The U.S. Postal Service has just lost a customer. Coincidentally, USPS does gather data on how much time customers spend at the window. Unfortunately, it also gathers data on 2000+ other matrices. Critical information such as customer wait time often gets overlooked because managers are bombarded with too much information. Adding another postal clerk could have brought down the wait time from 2 hours to 45 minutes. Adding two more postal clerks would bring that wait time to 15 minutes. Adding three more postal clerks would bring that wait time to 5 minutes. Customer satisfaction surveys show that postal customers start getting agitated if wait time exceeds 18 minutes. Consequently, we can see that adding one more postal clerk would not have improved the situation, adding three more postal clerks would have resulted in the postal service incurring unnecessary costs.
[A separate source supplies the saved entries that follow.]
lemma md_weight_add_dimers:
  assumes F: "is_matching E F" and M: "M \<subseteq> U" "M \<inter> \<Union>F = {}" and U: "U \<subseteq> V"
    and D: "is_matching E D" "\<Union>D \<subseteq> U - M - \<Union>F"
  shows "md_weight U x w (D \<union> F) = prod x M * prod w F * md_weight (U - M - \<Union>F) x w D"
proof -
  have "D \<inter> F = {}"
    using F D(2) by (intro disjoint_edge_sets) (auto simp: is_matching_def)
  then have "prod w (D \<union> F) = prod w D * prod w F"
    using D(1) F by (simp add: prod.union_disjoint matching_finite)
  moreover have "monomers U (D \<union> F) = monomers (U - M - \<Union>F) D \<union> M"
    using D(2) M unfolding monomers_def by auto
  moreover have "finite (monomers (U - M - \<Union>F) D)" "finite M"
    unfolding monomers_def using U M finite_V by (auto intro: finite_subset)
  moreover have "monomers (U - M - \<Union>F) D \<inter> M = {}"
    unfolding monomers_def by auto
  ultimately show ?thesis
    unfolding md_weight_def by (simp add: prod.union_disjoint)
qed

lemma md_Zr_remove:
  assumes U: "U \<subseteq> V" and M: "M \<subseteq> U" "M \<inter> \<Union>F = {}"
    and F: "is_matching E F" "\<Union>F \<subseteq> U"
  shows "md_Zr E x w U (\<lambda>D. M \<inter> \<Union>D = {} \<and> F \<subseteq> D) = prod x M * prod w F * Z x w (U - M - \<Union>F)"
proof -
  let ?S = "{D. is_matching E D \<and> \<Union>D \<subseteq> U - M - \<Union>F}"
  have "md_Zr E x w U (\<lambda>D. M \<inter> \<Union>D = {} \<and> F \<subseteq> D) = (\<Sum>D\<in>?S. md_weight U x w (D \<union> F))"
    using sum.reindex_bij_betw[OF bij_betw_add_dimers[OF F(1) M(2) F(2)], of "md_weight U x w"]
    by (simp add: md_Zr_def)
  also have "\<dots> = (\<Sum>D\<in>?S. prod x M * prod w F * md_weight (U - M - \<Union>F) x w D)"
    using md_weight_add_dimers[OF F(1) M U] by (intro sum.cong) auto
  also have "\<dots> = prod x M * prod w F * Z x w (U - M - \<Union>F)"
    by (simp add: md_Zr_def sum_distrib_left)
  finally show ?thesis .
qed

lemma md_Zr_monomer:
  assumes "U \<subseteq> V" "a \<in> U"
  shows "md_Zr E x w U (\<lambda>D. a \<notin> \<Union>D) = x a * Z x w (U - {a})"
proof -
  have "md_Zr E x w U (\<lambda>D. a \<notin> \<Union>D) = md_Zr E x w U (\<lambda>D. {a} \<inter> \<Union>D = {} \<and> {} \<subseteq> D)"
    by (rule md_Zr_cong) auto
  also have "\<dots> = prod x {a} * prod w {} * Z x w (U - {a} - \<Union>{})"
    by (rule md_Zr_remove) (use assms in \<open>auto simp: is_matching_def\<close>)
  finally show ?thesis by simp
qed

lemma md_Zr_dimer:
  assumes "U \<subseteq> V" "e \<in> E" "e \<subseteq> U"
  shows "md_Zr E x w U (\<lambda>D. e \<in> D) = w e * Z x w (U - e)"
proof -
  have "md_Zr E x w U (\<lambda>D. e \<in> D) = md_Zr E x w U (\<lambda>D. {} \<inter> \<Union>D = {} \<and> {e} \<subseteq> D)"
    by (rule md_Zr_cong) auto
  also have "\<dots> = prod x {} * prod w {e} * Z x w (U - {} - \<Union>{e})"
    by (rule md_Zr_remove) (use assms in \<open>auto simp: is_matching_def\<close>)
  finally show ?thesis by simp
qed

lemma md_Zr_two_monomers:
  assumes "a \<in> V" "b \<in> V" "a \<noteq> b"
  shows "md_Zr E x w V (\<lambda>D. a \<notin> \<Union>D \<and> b \<notin> \<Union>D) = x a * x b * Z x w (V - {a} - {b})"
proof -
  have "md_Zr E x w V (\<lambda>D. a \<notin> \<Union>D \<and> b \<notin> \<Union>D) = md_Zr E x w V (\<lambda>D. {a, b} \<inter> \<Union>D = {} \<and> {} \<subseteq> D)"
    by (rule md_Zr_cong) auto
  also have "\<dots> = prod x {a, b} * prod w {} * Z x w (V - {a, b} - \<Union>{})"
    by (rule md_Zr_remove) (use assms in \<open>auto simp: is_matching_def\<close>)
  also have "V - {a, b} - \<Union>{} = V - {a} - {b}" by blast
  finally show ?thesis using assms(3) by simp
qed

lemma md_Zr_monomer_dimer:
  assumes "a \<in> V" "e \<in> E" "a \<notin> e"
  shows "md_Zr E x w V (\<lambda>D. a \<notin> \<Union>D \<and> e \<in> D) = x a * w e * Z x w (V - {a} - e)"
proof -
  have "md_Zr E x w V (\<lambda>D. a \<notin> \<Union>D \<and> e \<in> D) = md_Zr E x w V (\<lambda>D. {a} \<inter> \<Union>D = {} \<and> {e} \<subseteq> D)"
    by (rule md_Zr_cong) auto
  also have "\<dots> = prod x {a} * prod w {e} * Z x w (V - {a} - \<Union>{e})"
    by (rule md_Zr_remove) (use assms edges_subset_Pow in \<open>auto simp: is_matching_def\<close>)
  finally show ?thesis by simp
qed

lemma md_Zr_two_dimers:
  assumes "f \<in> E" "e \<in> E" "f \<inter> e = {}"
  shows "md_Zr E x w V (\<lambda>D. f \<in> D \<and> e \<in> D) = w f * w e * Z x w (V - f - e)"
proof -
  have fe: "f \<noteq> e" using assms edge_nonempty by blast
  have "md_Zr E x w V (\<lambda>D. f \<in> D \<and> e \<in> D) = md_Zr E x w V (\<lambda>D. {} \<inter> \<Union>D = {} \<and> {f, e} \<subseteq> D)"
    by (rule md_Zr_cong) auto
  also have "\<dots> = prod x {} * prod w {f, e} * Z x w (V - {} - \<Union>{f, e})"
    by (rule md_Zr_remove) (use assms fe edges_subset_Pow in \<open>auto simp: is_matching_def\<close>)
  also have "V - {} - \<Union>{f, e} = V - f - e" by blast
  finally show ?thesis using fe by simp
qed

lemma md_Zr_covered:
  assumes U: "U \<subseteq> V" and a: "a \<in> U"
  shows "md_Zr E x w U (\<lambda>D. a \<in> \<Union>D) = (\<Sum>b\<in>neighbours_in U a. md_Zr E x w U (\<lambda>D. {a, b} \<in> D))"
proof -
  let ?A = "\<lambda>b. {D. is_matching E D \<and> \<Union>D \<subseteq> U \<and> {a, b} \<in> D}"
  have cover: "{D. is_matching E D \<and> \<Union>D \<subseteq> U \<and> a \<in> \<Union>D} = (\<Union>b\<in>neighbours_in U a. ?A b)"
  proof (intro equalityI subsetI)
    fix D assume "D \<in> {D. is_matching E D \<and> \<Union>D \<subseteq> U \<and> a \<in> \<Union>D}"
    then obtain e where D: "is_matching E D" "\<Union>D \<subseteq> U" and e: "e \<in> D" "a \<in> e" by blast
    have "e \<in> E" using D(1) e(1) by (auto simp: is_matching_def)
    then obtain b where "e = {a, b}" using e(2) edge_doubleton by blast
    then show "D \<in> (\<Union>b\<in>neighbours_in U a. ?A b)"
      using D e \<open>e \<in> E\<close> by blast
  qed blast
  have disjoint: "?A b \<inter> ?A c = {}" if "b \<in> neighbours_in U a" "c \<in> neighbours_in U a" "b \<noteq> c" for b c
  proof (rule equals0I)
    fix D assume "D \<in> ?A b \<inter> ?A c"
    then have "is_matching E D" "{a, b} \<in> D" "{a, c} \<in> D" by auto
    moreover have "{a, b} \<noteq> {a, c}" using that(3) by (auto simp: doubleton_eq_iff)
    ultimately have "{a, b} \<inter> {a, c} = {}" by (rule matching_disjoint)
    then show False by blast
  qed
  have "md_Zr E x w U (\<lambda>D. a \<in> \<Union>D) = sum (md_weight U x w) (\<Union>b\<in>neighbours_in U a. ?A b)"
    unfolding md_Zr_def cover[symmetric] by simp
  also have "\<dots> = (\<Sum>b\<in>neighbours_in U a. sum (md_weight U x w) (?A b))"
    using disjoint by (intro sum.UNION_disjoint finite_neighbours_in[OF U] ballI finite_matchings) blast
  finally show ?thesis by (simp add: md_Zr_def)
qed

lemma Z_recursion:
  assumes "U \<subseteq> V" "a \<in> U"
  shows "Z x w U = x a * Z x w (U - {a}) + (\<Sum>b\<in>neighbours_in U a. w {a, b} * Z x w (U - {a, b}))"
proof -
  have "Z x w U = md_Zr E x w U (\<lambda>D. a \<notin> \<Union>D) + md_Zr E x w U (\<lambda>D. a \<in> \<Union>D)"
    using md_Zr_split[of x w U "\<lambda>_. True" "\<lambda>D. a \<notin> \<Union>D"] by simp
  also have "md_Zr E x w U (\<lambda>D. a \<in> \<Union>D) = (\<Sum>b\<in>neighbours_in U a. w {a, b} * Z x w (U - {a, b}))"
    unfolding md_Zr_covered[OF assms] using assms by (intro sum.cong refl md_Zr_dimer) auto
  finally show ?thesis using md_Zr_monomer[OF assms] by simp
qed

text \<open>Induction on \<open>A\<close>: expand \<open>Z(A \<union> B)\<close> by \<open>Z_recursion\<close> at a vertex of \<open>A\<close>, all of whose
  neighbours lie in \<open>A\<close>.\<close>

lemma Z_disjoint_union:
  assumes "A \<union> B \<subseteq> V" "A \<inter> B = {}" "\<forall>a\<in>A. \<forall>b\<in>B. {a, b} \<notin> E"
  shows "Z x w (A \<union> B) = Z x w A * Z x w B"
  using assms
proof (induction "card A" arbitrary: A rule: less_induct)
  case less
  have finA: "finite A" using less.prems(1) finite_V by (meson finite_subset le_sup_iff)
  show ?case
  proof (cases "A = {}")
    case True
    then show ?thesis by (simp add: Z_empty)
  next
    case False
    then obtain a where a: "a \<in> A" by blast
    have "{a, b} \<notin> E" if "b \<in> B" for b
      using less.prems(3) a that by blast
    then have N: "neighbours_in (A \<union> B) a = neighbours_in A a" by auto
    have IH: "Z x w (A \<union> B - C) = Z x w (A - C) * Z x w B" if "a \<in> C" "C \<subseteq> A" for C
    proof -
      have "card (A - C) < card A"
        using finA a that by (intro psubset_card_mono) auto
      then have "Z x w ((A - C) \<union> B) = Z x w (A - C) * Z x w B"
        by (rule less.hyps) (use less.prems in auto)
      moreover have "A \<union> B - C = (A - C) \<union> B" using less.prems(2) that a by blast
      ultimately show ?thesis by simp
    qed
    have "Z x w (A \<union> B) = x a * Z x w (A \<union> B - {a}) + (\<Sum>b\<in>neighbours_in A a. w {a, b} * Z x w (A \<union> B - {a, b}))"
      using Z_recursion[of "A \<union> B" a x w] less.prems(1) a N by simp
    also have "\<dots> = (x a * Z x w (A - {a}) + (\<Sum>b\<in>neighbours_in A a. w {a, b} * Z x w (A - {a, b}))) * Z x w B"
    proof -
      have "(\<Sum>b\<in>neighbours_in A a. w {a, b} * Z x w (A \<union> B - {a, b}))
          = (\<Sum>b\<in>neighbours_in A a. w {a, b} * Z x w (A - {a, b})) * Z x w B"
        unfolding sum_distrib_right using a by (intro sum.cong refl) (simp add: IH)
      then show ?thesis using a by (simp add: IH algebra_simps)
    qed
    also have "\<dots> = Z x w A * Z x w B"
      using Z_recursion[of A a x w] less.prems(1) a by simp
    finally show ?thesis .
  qed
qed

lemma md_Zr_vertex_weight_linear:
  assumes U: "U \<subseteq> V" and p: "p \<in> U" and xp: "x p \<noteq> 0"
  shows "md_Zr E (x(p := t)) w U P =
    t * (md_Zr E x w U (\<lambda>D. P D \<and> p \<notin> \<Union>D) / x p) + md_Zr E x w U (\<lambda>D. P D \<and> \<not> p \<notin> \<Union>D)"
proof -
  have "md_weight U (x(p := t)) w D = t * (md_weight U x w D / x p)" if "p \<notin> \<Union>D" for D
  proof -
    have finite: "finite (monomers U D)" using U finite_V by (simp add: monomers_def finite_subset)
    have p_mono: "p \<in> monomers U D" using p that by (simp add: monomers_def)
    have "prod (x(p := t)) (monomers U D - {p}) = prod x (monomers U D - {p})"
      by (rule prod.cong) auto
    then show ?thesis
      using prod.remove[OF finite p_mono, of "x(p := t)"] prod.remove[OF finite p_mono, of x] xp
      unfolding md_weight_def by (simp add: field_simps)
  qed
  then have "md_Zr E (x(p := t)) w U (\<lambda>D. P D \<and> p \<notin> \<Union>D) = t * (md_Zr E x w U (\<lambda>D. P D \<and> p \<notin> \<Union>D) / x p)"
    unfolding md_Zr_def by (simp add: sum_distrib_left sum_divide_distrib)
  moreover have "md_Zr E (x(p := t)) w U (\<lambda>D. P D \<and> \<not> p \<notin> \<Union>D) = md_Zr E x w U (\<lambda>D. P D \<and> \<not> p \<notin> \<Union>D)"
    unfolding md_Zr_def by (intro sum.cong refl md_weight_cong) (auto simp: monomers_def)
  ultimately show ?thesis
    using md_Zr_split[of "x(p := t)" w U P "\<lambda>D. p \<notin> \<Union>D"] by simp
qed

lemma md_Zr_edge_weight_linear:
  assumes we: "w e \<noteq> 0"
  shows "md_Zr E x (w(e := t)) U P =
    t * (md_Zr E x w U (\<lambda>D. P D \<and> e \<in> D) / w e) + md_Zr E x w U (\<lambda>D. P D \<and> e \<notin> D)"
proof -
  have "md_weight U x (w(e := t)) D = t * (md_weight U x w D / w e)" if "e \<in> D" "is_matching E D" for D
  proof -
    have finite: "finite D" using that(2) by (rule matching_finite)
    have "prod (w(e := t)) (D - {e}) = prod w (D - {e})"
      by (rule prod.cong) auto
    then show ?thesis
      using prod.remove[OF finite that(1), of "w(e := t)"] prod.remove[OF finite that(1), of w] we
      unfolding md_weight_def by (simp add: field_simps)
  qed
  then have "md_Zr E x (w(e := t)) U (\<lambda>D. P D \<and> e \<in> D) = t * (md_Zr E x w U (\<lambda>D. P D \<and> e \<in> D) / w e)"
    unfolding md_Zr_def by (simp add: sum_distrib_left sum_divide_distrib)
  moreover have "md_Zr E x (w(e := t)) U (\<lambda>D. P D \<and> e \<notin> D) = md_Zr E x w U (\<lambda>D. P D \<and> e \<notin> D)"
    unfolding md_Zr_def by (intro sum.cong refl md_weight_cong) auto
  ultimately show ?thesis
    using md_Zr_split[of x "w(e := t)" U P "\<lambda>D. e \<in> D"] by simp
qed

lemma md_Z_eq: "md_Z V E x w = Z x w V"
  unfolding md_Z_def md_Zr_def using matching_Union_subset by (intro sum.cong) auto

lemma md_R_eq: "a \<in> V \<Longrightarrow> md_R V E x w a = md_Zr E x w V (\<lambda>D. a \<notin> \<Union>D) / Z x w V"
  unfolding md_R_def md_Z_eq md_Zr_def monomers_def using matching_Union_subset
  by (intro arg_cong2[where f = "(/)"] sum.cong) auto

lemma md_E_eq: "md_E V E x w e = md_Zr E x w V (\<lambda>D. e \<in> D) / Z x w V"
  unfolding md_E_def md_Z_eq md_Zr_def using matching_Union_subset
  by (intro arg_cong2[where f = "(/)"] sum.cong) auto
Therefore, there is an optimal number of postal clerks that the USPS could have assigned to the above mentioned post office, and that number is four. The postal service could have retained their customer if they had a good analytics strategy in place. So what is "analytics"?

The most simple definition of analytics would be that it is "the science of analysis". In reality, the word "Analytics" has not been properly defined by the professional community and may mean different things to different people. A simple and practical definition, however, would be how an entity arrives at the most optimal and realistic decision from a variety of available options, based on existing data. There are several aspects to this definition. First, the purpose or goal of this endeavor is to arrive at a decision. Second, the process should be able to identify the best option from a range of available options. Finally, the decision making process should be based on data. Business managers may choose to make decisions based on past experiences or rule of thumb, or there might be other qualitative aspects to decision making; but unless there is data involved in the process, it would be considered beyond the purview of analytics.

Many people think that analytics only involves the use statistical analyses or mathematics to predict and improve business performance. It would, however, be erroneous to limit the field of analytics to only statistics and mathematics. Good analytics professionals should be well trained in business concepts and the social sciences, as well as have a good grasp of statistics and mathematics. A good analytics professional should be willing and able to work across various fields to come up with the proper solutions. Others argue that an analytics professional should also be cognizant of his data sources, which includes knowledge of his organization's IT infrastructure (how else would he know that his data is not being compromised or corrupted by the system). That is why analytics is unique and much broader than the use of statistics or mathematics in business.

With computers getting more powerful along with the increasing popularity of Business Intelligence (BI) tools, the importance of analytics is growing for businesses. Analytics has been credited for helping Netflix ward off competition from Blockbuster video and helping Google overtake Yahoo! to become the most profitable portal on the internet.